====== Supplied records
(* Let $L$ be a finite monolithic primitive group whose socle $N$ is non-abelian, let $k'$ be a positive integer, and let $L_{k'}$ be the crown-based power of $L$ of size $k'$, whose socle is $N^{k'}$. If $H'$ is a core-free subgroup of $L_{k'}$ with $H'\le N^{k'}$, then $|N^{k'}:H'|\ge 5^{k'}$.
   Context: All groups are finite. A group $L$ is primitive if it has a maximal subgroup with trivial core; it is monolithic primitive if moreover it has a unique minimal normal subgroup, its socle $N=\mathrm{soc}(L)$. For a positive integer $k$, the crown-based power of $L$ of size $k$ is $L_k:=\{(l_1,\ldots,l_k)\in L^k\mid l_1\equiv\cdots\equiv l_k \pmod N\}=N^k\,\mathrm{diag}(L^k)$. A subgroup $H'$ of a group $G$ is core-free if $\bigcap_{g\in G}(H')^g=1$. *)

theory Defs
  imports "HOL-Algebra.Algebra"
begin

definition maximal_subgroup :: "'a set \<Rightarrow> ('a, 'b) monoid_scheme \<Rightarrow> bool" where
  "maximal_subgroup M G \<longleftrightarrow> subgroup M G \<and> M \<noteq> carrier G \<and>
     (\<forall>K. subgroup K G \<longrightarrow> M \<subseteq> K \<longrightarrow> K = M \<or> K = carrier G)"

definition core :: "('a, 'b) monoid_scheme \<Rightarrow> 'a set \<Rightarrow> 'a set" where
  "core G H = (\<Inter>g\<in>carrier G. (g <#\<^bsub>G\<^esub> H) #>\<^bsub>G\<^esub> inv\<^bsub>G\<^esub> g)"

definition core_free :: "'a set \<Rightarrow> ('a, 'b) monoid_scheme \<Rightarrow> bool" where
  "core_free H G \<longleftrightarrow> core G H = {\<one>\<^bsub>G\<^esub>}"

definition minimal_normal :: "'a set \<Rightarrow> ('a, 'b) monoid_scheme \<Rightarrow> bool" where
  "minimal_normal N G \<longleftrightarrow> N \<lhd> G \<and> N \<noteq> {\<one>\<^bsub>G\<^esub>} \<and>
     (\<forall>K. K \<lhd> G \<longrightarrow> K \<subseteq> N \<longrightarrow> K = {\<one>\<^bsub>G\<^esub>} \<or> K = N)"

definition primitive_group :: "('a, 'b) monoid_scheme \<Rightarrow> bool" where
  "primitive_group G \<longleftrightarrow> (\<exists>M. maximal_subgroup M G \<and> core_free M G)"

definition monolithic_primitive_with_socle :: "('a, 'b) monoid_scheme \<Rightarrow> 'a set \<Rightarrow> bool" where
  "monolithic_primitive_with_socle G N \<longleftrightarrow> primitive_group G \<and> minimal_normal N G \<and>
     (\<forall>K. minimal_normal K G \<longrightarrow> K = N)"

definition crown_based_power :: "('a, 'b) monoid_scheme \<Rightarrow> 'a set \<Rightarrow> nat \<Rightarrow> (nat \<Rightarrow> 'a) monoid" where
  "crown_based_power L N k =
     (product_group {..<k} (\<lambda>_. L))
       \<lparr>carrier := {x \<in> carrier (product_group {..<k} (\<lambda>_. L)).
                     \<forall>i<k. \<forall>j<k. N #>\<^bsub>L\<^esub> x i = N #>\<^bsub>L\<^esub> x j}\<rparr>"

definition power_set :: "'a set \<Rightarrow> nat \<Rightarrow> (nat \<Rightarrow> 'a) set" where
  "power_set N k = PiE {..<k} (\<lambda>_. N)"

end

theory Submission
  imports Defs
begin

text \<open>
  The socle \<open>N\<close>, a non-abelian minimal normal subgroup, is perfect. A perfect group has no
  proper subgroup of index at most 4: acting on its cosets it would map to \<open>S\<^sub>4\<close>, whose derived
  series \<open>S\<^sub>4 > A\<^sub>4 > V\<^sub>4 > 1\<close> (checked by computation on permutation lists) ends in the trivial
  group. Hence proper subgroups of \<open>N\<close> have index at least 5, and a non-trivial perfect group
  has order at least 25 (Sylow), so proper normal subgroups of \<open>N\<close> have index at least 25.

  Core-freeness of \<open>H\<close> means that \<open>H\<close> contains none of the coordinate copies \<open>N\<^sub>j\<close> of \<open>N\<close>.
  For such a subgroup \<open>Y \<le> N\<^sup>r\<close> argue by induction on \<open>r\<close>. If some projection \<open>\<pi>\<^sub>j(Y)\<close> is
  proper, then \<open>|Y| = |\<pi>\<^sub>j(Y)| |Y \<inter> ker \<pi>\<^sub>j|\<close> loses a factor 5 in one coordinate. If all
  projections are onto, then for some \<open>l \<noteq> j\<close> the projection of \<open>Y \<inter> ker \<pi>\<^sub>j\<close> to coordinate
  \<open>l\<close> is a proper normal subgroup of \<open>N\<close>, losing a factor 25 in two coordinates; otherwise
  commutators of suitable elements of \<open>Y\<close> fill all of \<open>N\<^sub>j\<close>, since \<open>N\<close> is perfect.
\<close>

section \<open>Perfect groups\<close>

definition perfect :: "('a, 'b) monoid_scheme \<Rightarrow> bool" where
  "perfect G \<longleftrightarrow> derived G (carrier G) = carrier G"

lemma (in group) perfect_subgroup_eq:
  assumes "perfect G" and "subgroup S G" and "derived_set G (carrier G) \<subseteq> S"
  shows "S = carrier G"
  using generate_subgroup_incl[OF assms(3,2)] subgroup.subset[OF assms(2)] assms(1)
  unfolding perfect_def derived_def by blast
============
What is being asked: Your answer must be an exact transcription of the lines from the one containing "(carrier G) \<subseteq>" through the last line of the records above, and nothing else.

Exercise response:
  assumes "perfect G" and "subgroup S G" and "derived_set G (carrier G) \<subseteq> S"
  shows "S = carrier G"
  using generate_subgroup_incl[OF assms(3,2)] subgroup.subset[OF assms(2)] assms(1)
  unfolding perfect_def derived_def by blast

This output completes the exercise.